→ WORK REQUIRED:
Reproduce exactly the lines from the one containing "independent set is" through the last line of the records below, both included, and nothing else.

[RECORDS TO PROCESS]

(* Let $G=(V,E)$ be a connected bipartite simple graph with $|V|=n$, with bipartite orientations $O_{\text{down}}$ and $O_{\text{up}}$, and let $O$ be any acyclic orientation of $E$. Then there exists an injective function from the set of linear extensions of $O$ to the set of linear extensions of $O_{\text{up}}$, and such an injection is surjective if and only if $O=O_{\text{up}}$ or $O=O_{\text{down}}$. Equivalently, $e(P_O)\le e(P_{O_{\text{up}}})$ with equality if and only if $O$ is one of the two bipartite orientations, where $P_O$ denotes the poset induced by $O$ and $e(\cdot)$ the number of linear extensions. Consequently, the acyclic orientations of $G$ maximizing the number of linear extensions are exactly the bipartite orientations.
   Context: If $G=(V,E)$ has bipartition $V=V_1\sqcup V_2$, its two bipartite orientations are the orientation choosing $(v_1,v_2)$ (meaning $v_1$ directed to $v_2$) for every edge $\{v_1,v_2\}$ with $v_1\in V_1$, $v_2\in V_2$, and the orientation choosing $(v_2,v_1)$ for every such edge. An acyclic orientation of $E$ induces a partial order on $V$ in which $u<v$ if and only if there is a directed path from $u$ to $v$. A linear extension of a partial order $P$ on an $n$-element set $V$ is a bijection $\sigma:V\to[n]$ such that $u<_P v$ implies $\sigma(u)<\sigma(v)$; $e(P)$ denotes the number of linear extensions of $P$, and a linear extension of an acyclic orientation means a linear extension of its induced poset. *)

theory Defs
  imports Main
begin

definition simple_graph :: "'a set \<Rightarrow> 'a set set \<Rightarrow> bool" where
  "simple_graph V E \<longleftrightarrow> finite V \<and> (\<forall>e\<in>E. e \<subseteq> V \<and> card e = 2)"

definition adj :: "'a set set \<Rightarrow> ('a \<times> 'a) set" where
  "adj E = {(u, v). {u, v} \<in> E}"

definition connected_graph :: "'a set \<Rightarrow> 'a set set \<Rightarrow> bool" where
  "connected_graph V E \<longleftrightarrow> (\<forall>u\<in>V. \<forall>v\<in>V. (u, v) \<in> (adj E)\<^sup>*)"

definition bipartition :: "'a set \<Rightarrow> 'a set set \<Rightarrow> 'a set \<Rightarrow> 'a set \<Rightarrow> bool" where
  "bipartition V E V1 V2 \<longleftrightarrow> V1 \<inter> V2 = {} \<and> V1 \<union> V2 = V \<and>
     (\<forall>e\<in>E. \<exists>u\<in>V1. \<exists>v\<in>V2. e = {u, v})"

definition orientation :: "'a set set \<Rightarrow> ('a \<times> 'a) set \<Rightarrow> bool" where
  "orientation E Or \<longleftrightarrow> (\<forall>(u, v)\<in>Or. {u, v} \<in> E) \<and>
     (\<forall>e\<in>E. \<exists>!p. p \<in> Or \<and> {fst p, snd p} = e)"

definition O_down :: "'a set set \<Rightarrow> 'a set \<Rightarrow> 'a set \<Rightarrow> ('a \<times> 'a) set" where
  "O_down E V1 V2 = {(u, v). {u, v} \<in> E \<and> u \<in> V1 \<and> v \<in> V2}"

definition O_up :: "'a set set \<Rightarrow> 'a set \<Rightarrow> 'a set \<Rightarrow> ('a \<times> 'a) set" where
  "O_up E V1 V2 = {(v, u). {u, v} \<in> E \<and> u \<in> V1 \<and> v \<in> V2}"

definition induced_order :: "('a \<times> 'a) set \<Rightarrow> ('a \<times> 'a) set" where
  "induced_order Or = Or\<^sup>+"

(* linear extensions of a (strict) order relation P on V, as bijections V \<rightarrow> [n];
   functions are taken extensional (undefined off V) so that the set is finite. *)
definition linear_extensions :: "'a set \<Rightarrow> ('a \<times> 'a) set \<Rightarrow> ('a \<Rightarrow> nat) set" where
  "linear_extensions V P = {\<sigma>. bij_betw \<sigma> V {1..card V} \<and>
       (\<forall>u\<in>V. \<forall>v\<in>V. (u, v) \<in> P \<longrightarrow> \<sigma> u < \<sigma> v) \<and>
       (\<forall>x. x \<notin> V \<longrightarrow> \<sigma> x = undefined)}"

definition lin_ext_orient :: "'a set \<Rightarrow> ('a \<times> 'a) set \<Rightarrow> ('a \<Rightarrow> nat) set" where
  "lin_ext_orient V Or = linear_extensions V (induced_order Or)"

definition num_lin_ext :: "'a set \<Rightarrow> ('a \<times> 'a) set \<Rightarrow> nat" where
  "num_lin_ext V Or = card (lin_ext_orient V Or)"

end

theory Submission
  imports Defs "HOL-Library.FuncSet"
begin

(* A linear extension of the order generated by an arc set R on V is the same thing as an
   enumeration of V listing the tail of every arc before its head (a sequence respecting R);
   the number of such sequences satisfies the first-element recursion
     N(W) = sum over the sources z of R in W of N(W - {z}).
   Let F(W) be this number for the upward bipartite orientation (arcs from B to A).  The heart
   of the proof is the key inequality: for every independent set S of vertices of W,
     sum over z in S of F(W - {z})  <=  F(W),
   strictly unless S is tight (meets every edge inside W and contains every isolated vertex
   of W).  It is proved by induction on |W|: expanding both F(W - {z}) and F(W) by their first
   elements, an exchange of the first two entries of a sequence injects the left-hand terms
   into a sum to which the induction hypothesis applies for the shifted sets.
   The sources of an arbitrary orientation O form an independent set, so induction gives
   e(O) <= F(V), strictly unless these sources are tight; in a connected graph a tight
   independent set is a colour class, which forces O to be one of the two bipartite
   orientations, and those have equal counts since reversing sequences swaps them.  The
   statements about injections are then pure cardinality. *)

definition respects_arcs :: "('a \<times> 'a) set \<Rightarrow> 'a list \<Rightarrow> bool" where
  "respects_arcs R xs \<longleftrightarrow> (\<forall>i<length xs. \<forall>j<length xs. (xs ! i, xs ! j) \<in> R \<longrightarrow> i < j)"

[/RECORDS TO PROCESS]

→ TASK SOLUTION:
   independent set is a colour class, which forces O to be one of the two bipartite
   orientations, and those have equal counts since reversing sequences swaps them.  The
   statements about injections are then pure cardinality. *)

definition respects_arcs :: "('a \<times> 'a) set \<Rightarrow> 'a list \<Rightarrow> bool" where
  "respects_arcs R xs \<longleftrightarrow> (\<forall>i<length xs. \<forall>j<length xs. (xs ! i, xs ! j) \<in> R \<longrightarrow> i < j)"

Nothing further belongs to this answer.